Chapter 5: Results

RESULTS

Mean Response Time for participants who fixed the bug

I ran a 2x2 factorial ANOVA using SPSS for the response time amongst successful participants and recorded the following results:

Mean Response Time of fixing bug
Mean Response Time of fixing bug
Test of Between Subjects Effects
Test of Between Subjects Effects
Estimated Marginal Means of Time
Estimated Marginal Means of Time

The data shows strongly that the main effect of Refactoring according to CLT principles causes a statistically significant difference in mean time to resolution for fixing a bug at \(\alpha\)=.05. Hence we reject the null hypothesis that the mean time to resolution is equal between the cases.

Mean Regressions for those who did not fix the bug

I ran a 2x2 factorial ANOVA using SPSS for the regression rate amongst participants who did not fix the bug and recorded the following results:

Mean Response Time of fixing bug
Mean Response Time of fixing bug
Test of Between Subjects Effects
Test of Between Subjects Effects
Estimated Marginal Means of Regressions
Estimated Marginal Means of Regressions

From this data we can observe that there are statistically significant main effects for both expertise and the effect of refactoring, with no interaction effect. Thus, we can reject the null hypothesis that the regression rate is equal between the control code and the refactored code.

Perceived Cognitive Load

I analyzed the perceived cognitive load by comparing the mean, median, and mode across the control and refactored conditions and examining the differences between overlapping questions. For the refactored condition, the average perceived cognitive load was 3.38, the median was 3, and the mode was 2. Amongst novices, the mean was 3.68, the median was 4, and the mode was 2. Amongst experienced, the mean was 3.08, the median was 3, and the mode was 2. For the control condition, the average perceived cognitive load was 3.73, the median was 3, and the mode was 3. Amongst novices, the mean was 4.06, the median was 3.5, and the mode was 3. Amongst experienced, the mean was 3.39, the median was 3, and the mode was 1.

The number of questions asked in the survey differed between the treatments, which I’ll return to in limitations. There was encountered code that remained unchanged between the two treatments, so exploring the reported perceived cognitive load between them may shed light on the total load imposed by the code base. If the average perceived load is similar, that suggests that programmers partition off the effects of the whole architecture and analyze methods individually. If it is not, that raises the question of whether the perceived cognitive load is influenced by the code around it. For the questions with overlap, the median and mode perceived cognitive load were the same in both the experimental and the control conditions. This suggests that the perceived cognitive load of methods can be reliably measured independent of surrounding context.

Discusion

  1. Time of completion (control) = Time of completion (experiment)

  2. Perceived Cognitive Load (control) = Perceived Cognitive Load (experiment)

  3. Average defects introduced (control) = average defects introduced (experiment)

Based on the preceding results, I can summarize that experience matters in solving a complex problem, as more experts fixed the bug than novices. It required them less time and fewer mistakes on average. But the effect of managing Cognitive Load in code via Refactoring enhances the performance of both. The time of completion and average defects introduced are not equal @ p <.05. The average and median of the perceived cognitive load across the 16 experimental questions and the 10 control questions are similar, but the experienced cognitive load in the experimental condition is often smaller. The control case had 11 questions, the experimental case had 20 (the refactored code was broken out into smaller chunks, so took more blocks to encompass).
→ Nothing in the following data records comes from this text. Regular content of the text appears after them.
lemma smooth_on_divide:
  assumes "open U" "smooth_on U f" "smooth_on U g" "\<forall>q\<in>U. g q \<noteq> 0"
  shows "smooth_on U (\<lambda>x. f x / g x)"
proof -
  have "smooth_on U (\<lambda>x. 1 / g x)"
    using differentiable_upto_inverse[OF assms(1)] assms(3,4) unfolding smooth_on_iff_differentiable_upto by blast
  from smooth_on_mult[OF assms(1,2) this] show ?thesis by simp
qed

lemma smooth_on_pd: "smooth_on U f \<Longrightarrow> smooth_on U (pd i f)"
  unfolding smooth_on_iff_differentiable_upto using differentiable_upto_pd by blast

lemma smooth_on_sum_2:
  assumes "open U" "\<And>k::2. smooth_on U (g k)"
  shows "smooth_on U (\<lambda>x. \<Sum>k\<in>UNIV. g k x)"
  using smooth_on_add[OF assms(1) assms(2) assms(2)] by (simp add: sum_2)

lemma smooth_on_cong_open: "open U \<Longrightarrow> \<forall>q\<in>U. f q = g q \<Longrightarrow> smooth_on U f \<Longrightarrow> smooth_on U g"
  unfolding smooth_on_iff_differentiable_upto using differentiable_upto_cong_open by blast

lemma smooth_on_differentiable: "smooth_on U f \<Longrightarrow> p \<in> U \<Longrightarrow> f differentiable at p"
  unfolding smooth_on_iff_differentiable_upto using differentiable_upto_differentiable by blast

section \<open>Symmetry of second partial derivatives\<close>

lemma has_derivative_along_line:
  fixes f :: "'a::real_normed_vector \<Rightarrow> real"
  assumes "f differentiable at (c + t *\<^sub>R v)"
  shows "((\<lambda>s. f (c + s *\<^sub>R v)) has_derivative (\<lambda>u. u * frechet_derivative f (at (c + t *\<^sub>R v)) v)) (at t)"
proof -
  define D where "D = frechet_derivative f (at (c + t *\<^sub>R v))"
  have line: "((\<lambda>s. c + s *\<^sub>R v) has_derivative (\<lambda>u. u *\<^sub>R v)) (at t)"
    by (auto intro!: derivative_eq_intros)
  have "(f has_derivative D) (at (c + t *\<^sub>R v))"
    using assms frechet_derivative_works D_def by blast
  from has_derivative_compose[OF line this] linear_scale[OF has_derivative_linear[OF this]]
  show ?thesis unfolding D_def by simp
qed

definition second_difference :: "('a::ab_group_add \<Rightarrow> 'b::ab_group_add) \<Rightarrow> 'a \<Rightarrow> 'a \<Rightarrow> 'a \<Rightarrow> 'b" where
  "second_difference f c u v = f (c + u + v) - f (c + u) - f (c + v) + f c"

lemma second_difference_commute: "second_difference f c u v = second_difference f c v u"
  by (simp add: second_difference_def add_ac)

lemma second_difference_mean_value:
  fixes f :: "'a::real_normed_vector \<Rightarrow> real"
  assumes "0 < h"
    and df: "\<And>s t. 0 \<le> s \<Longrightarrow> s \<le> h \<Longrightarrow> 0 \<le> t \<Longrightarrow> t \<le> h \<Longrightarrow> f differentiable at (c + s *\<^sub>R a + t *\<^sub>R b)"
  obtains \<theta> where "0 < \<theta>" "\<theta> < h"
    "second_difference f c (h *\<^sub>R a) (h *\<^sub>R b) = h * (frechet_derivative f (at (c + h *\<^sub>R a + \<theta> *\<^sub>R b)) b - frechet_derivative f (at (c + \<theta> *\<^sub>R b)) b)"
proof -
  define F where "F q = frechet_derivative f (at q) b" for q
  define g where "g t = f (c + h *\<^sub>R a + t *\<^sub>R b) - f (c + t *\<^sub>R b)" for t
  have "(g has_derivative (\<lambda>u. u * (F (c + h *\<^sub>R a + t *\<^sub>R b) - F (c + t *\<^sub>R b)))) (at t within {0..h})"
    if "0 \<le> t" "t \<le> h" for t
  proof -
    have "((\<lambda>s. f (c + h *\<^sub>R a + s *\<^sub>R b)) has_derivative (\<lambda>u. u * F (c + h *\<^sub>R a + t *\<^sub>R b))) (at t)"
      using has_derivative_along_line[of f "c + h *\<^sub>R a" t b] df[of h t] that \<open>0 < h\<close> F_def by simp
    moreover have "((\<lambda>s. f (c + s *\<^sub>R b)) has_derivative (\<lambda>u. u * F (c + t *\<^sub>R b))) (at t)"
      using has_derivative_along_line[of f c t b] df[of 0 t] that F_def by simp
    ultimately show ?thesis
      unfolding g_def by (auto intro: has_derivative_at_withinI dest: has_derivative_diff simp: right_diff_distrib)
  qed
  from mvt_simple[OF \<open>0 < h\<close> this] obtain \<theta> where "\<theta> \<in> {0<..<h}"
    and "g h - g 0 = (h - 0) * (F (c + h *\<^sub>R a + \<theta> *\<^sub>R b) - F (c + \<theta> *\<^sub>R b))"
    by blast
  moreover have "g h - g 0 = second_difference f c (h *\<^sub>R a) (h *\<^sub>R b)"
    by (simp add: g_def second_difference_def)
  ultimately show ?thesis by (intro that[of \<theta>]) (auto simp: F_def)
qed

lemma has_derivative_difference_bound:
  fixes F :: "'a::real_normed_vector \<Rightarrow> real"
  assumes "(F has_derivative L) (at p)" "0 < e"
  obtains d where "0 < d"
    "\<And>y z. norm (y - p) < d \<Longrightarrow> norm (z - p) < d
       \<Longrightarrow> \<bar>F y - F z - L (y - z)\<bar> \<le> e * (norm (y - p) + norm (z - p))"
proof -
  obtain d where "0 < d" and d: "\<And>y. norm (y - p) < d \<Longrightarrow> \<bar>F y - F p - L (y - p)\<bar> \<le> e * norm (y - p)"
    using assms[unfolded has_derivative_at_alt] by (metis real_norm_def)
  have "\<bar>F y - F z - L (y - z)\<bar> \<le> e * (norm (y - p) + norm (z - p))"
    if "norm (y - p) < d" "norm (z - p) < d" for y z
  proof -
    have "L (y - z) = L (y - p) - L (z - p)"
      using linear_diff[OF has_derivative_linear[OF assms(1)]] by (metis diff_diff_eq2 diff_add_cancel)
    then have "F y - F z - L (y - z) = (F y - F p - L (y - p)) - (F z - F p - L (z - p))"
      by simp
    with d[OF that(1)] d[OF that(2)] show ?thesis by (simp add: distrib_left abs_le_iff)
  qed
  with \<open>0 < d\<close> that show ?thesis by blast
qed

lemma second_difference_quotient_estimate:
  fixes f :: "pt \<Rightarrow> real" and a b :: 2
  defines "ea \<equiv> axis a 1 :: pt" and "eb \<equiv> axis b 1 :: pt"
  assumes "0 < h" "0 \<le> e" "linear L"
    and df: "\<And>s t. 0 \<le> s \<Longrightarrow> s \<le> h \<Longrightarrow> 0 \<le> t \<Longrightarrow> t \<le> h \<Longrightarrow> f differentiable at (p + s *\<^sub>R ea + t *\<^sub>R eb)"
    and bound: "\<And>y z. norm (y - p) \<le> 2 * h \<Longrightarrow> norm (z - p) \<le> 2 * h
       \<Longrightarrow> \<bar>pd b f y - pd b f z - L (y - z)\<bar> \<le> e * (norm (y - p) + norm (z - p))"
  shows "\<bar>second_difference f p (h *\<^sub>R ea) (h *\<^sub>R eb) / h\<^sup>2 - L ea\<bar> \<le> 3 * e"
proof -
  define F where "F = pd b f"
  have F_eq: "frechet_derivative f (at q) eb = F q" for q unfolding F_def pd_def eb_def ..
  obtain \<theta> where "0 < \<theta>" "\<theta> < h" and second_diff:
    "second_difference f p (h *\<^sub>R ea) (h *\<^sub>R eb) = h * (F (p + h *\<^sub>R ea + \<theta> *\<^sub>R eb) - F (p + \<theta> *\<^sub>R eb))"
    by (rule second_difference_mean_value[OF \<open>0 < h\<close> df, unfolded F_eq])
  define y z where "y = p + h *\<^sub>R ea + \<theta> *\<^sub>R eb" and "z = p + \<theta> *\<^sub>R eb"
  have ny: "norm (y - p) \<le> h + \<theta>"
    using norm_triangle_ineq[of "h *\<^sub>R ea" "\<theta> *\<^sub>R eb"] \<open>0 < \<theta>\<close> \<open>0 < h\<close>
    by (simp add: y_def ea_def eb_def)
  have nz: "norm (z - p) \<le> \<theta>"
    using \<open>0 < \<theta>\<close> by (simp add: z_def eb_def)
  have "norm (y - p) \<le> 2 * h" "norm (z - p) \<le> 2 * h"
    using ny nz \<open>0 < \<theta>\<close> \<open>\<theta> < h\<close> by linarith+
  moreover have "L (y - z) = h * L ea"
    using linear_scale[OF \<open>linear L\<close>] by (simp add: y_def z_def)
  ultimately have "\<bar>F y - F z - h * L ea\<bar> \<le> e * (norm (y - p) + norm (z - p))"
    using bound unfolding F_def by metis
  also have "\<dots> \<le> e * (3 * h)"
    using ny nz \<open>\<theta> < h\<close> \<open>0 \<le> e\<close> by (intro mult_left_mono) auto
  finally have "\<bar>F y - F z - h * L ea\<bar> / h \<le> 3 * e"
    using \<open>0 < h\<close> by (simp add: divide_le_eq)
  moreover have "(h * (F y - F z)) / h\<^sup>2 - L ea = (F y - F z - h * L ea) / h"
    using \<open>0 < h\<close> by (simp add: power2_eq_square field_simps)
  ultimately show ?thesis
    using second_diff \<open>0 < h\<close> by (simp add: y_def z_def)
qed

lemma second_difference_quotient_tendsto:
  fixes f :: "pt \<Rightarrow> real"
  assumes "open U" "p \<in> U" and df: "\<forall>q\<in>U. f differentiable at q"
    and dF: "pd b f differentiable at p"
  shows "((\<lambda>h. second_difference f p (h *\<^sub>R axis a 1) (h *\<^sub>R axis b 1) / h\<^sup>2)
           \<longlongrightarrow> pd a (pd b f) p) (at_right 0)"
proof -
  obtain L where L: "(pd b f has_derivative L) (at p)" using dF unfolding differentiable_def by blast
  have La: "L (axis a 1) = pd a (pd b f) p" using pd_has_derivative[OF L] by simp
  obtain R where "R > 0" "ball p R \<subseteq> U" using assms(1,2) open_contains_ball by blast
  have near: "p + s *\<^sub>R axis a 1 + t *\<^sub>R axis b 1 \<in> U" if "0 \<le> s" "s < R / 2" "0 \<le> t" "t < R / 2" for s t
  proof -
    have "norm (s *\<^sub>R axis a 1 + t *\<^sub>R axis b 1 :: pt) \<le> s + t"
      using norm_triangle_ineq[of "s *\<^sub>R axis a 1 :: pt" "t *\<^sub>R axis b 1"] that by simp
    then have "dist p (p + s *\<^sub>R axis a 1 + t *\<^sub>R axis b 1) < R"
      using norm_minus_cancel[of "s *\<^sub>R axis a 1 + t *\<^sub>R axis b 1 :: pt"] that
      by (simp add: dist_norm add.assoc)
    with \<open>ball p R \<subseteq> U\<close> show ?thesis by auto
  qed
  show ?thesis unfolding tendsto_iff eventually_at_right_field dist_real_def
  proof (intro allI impI)
    fix e :: real assume "e > 0"
    then obtain d where "d > 0" and d: "\<And>y z. norm (y - p) < d \<Longrightarrow> norm (z - p) < d
       \<Longrightarrow> \<bar>pd b f y - pd b f z - L (y - z)\<bar> \<le> e / 4 * (norm (y - p) + norm (z - p))"
      using has_derivative_difference_bound[OF L, of "e / 4"] by auto
    have "\<bar>second_difference f p (h *\<^sub>R axis a 1) (h *\<^sub>R axis b 1) / h\<^sup>2 - L (axis a 1)\<bar> \<le> 3 * (e / 4)"
      if "0 < h" "h < min R d / 2" for h
      using that \<open>e > 0\<close> df near d
      by (intro second_difference_quotient_estimate has_derivative_linear[OF L]) auto
    then show "\<exists>bnd>0. \<forall>h>0. h < bnd \<longrightarrow>
        \<bar>second_difference f p (h *\<^sub>R axis a 1) (h *\<^sub>R axis b 1) / h\<^sup>2 - pd a (pd b f) p\<bar> < e"
      using \<open>R > 0\<close> \<open>d > 0\<close> \<open>e > 0\<close> La by (intro exI[of _ "min R d / 2"]) force
  qed
qed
Some of the code in the questions between the two was the same, much was different. The average cognitive load reported in the code that was the same was approximately equal. This coincides with the theory that Refactoring manages Germane Cognitive Load and removes Extraneous Cognitive Load but does not reduce Intrinsic Cognitive Load. That is usually done by re-engineering. I did not find evidence of the Expertise Reversal Effect when reducing method and class size to more granularly partition out functionality amongst methods and classes. I did not find evidence that the use of Design Patterns terminology applied Germane Cognitive Load to the problem solving process–some experienced engineers self-reported not knowing what a STRATEGY is for the DateTimeParsingStrategy, others felt it was misapplied in this context. More work is needed to identify programmer familiarity with Design Patterns and identify their effect on cognitive load as a function of familiarity.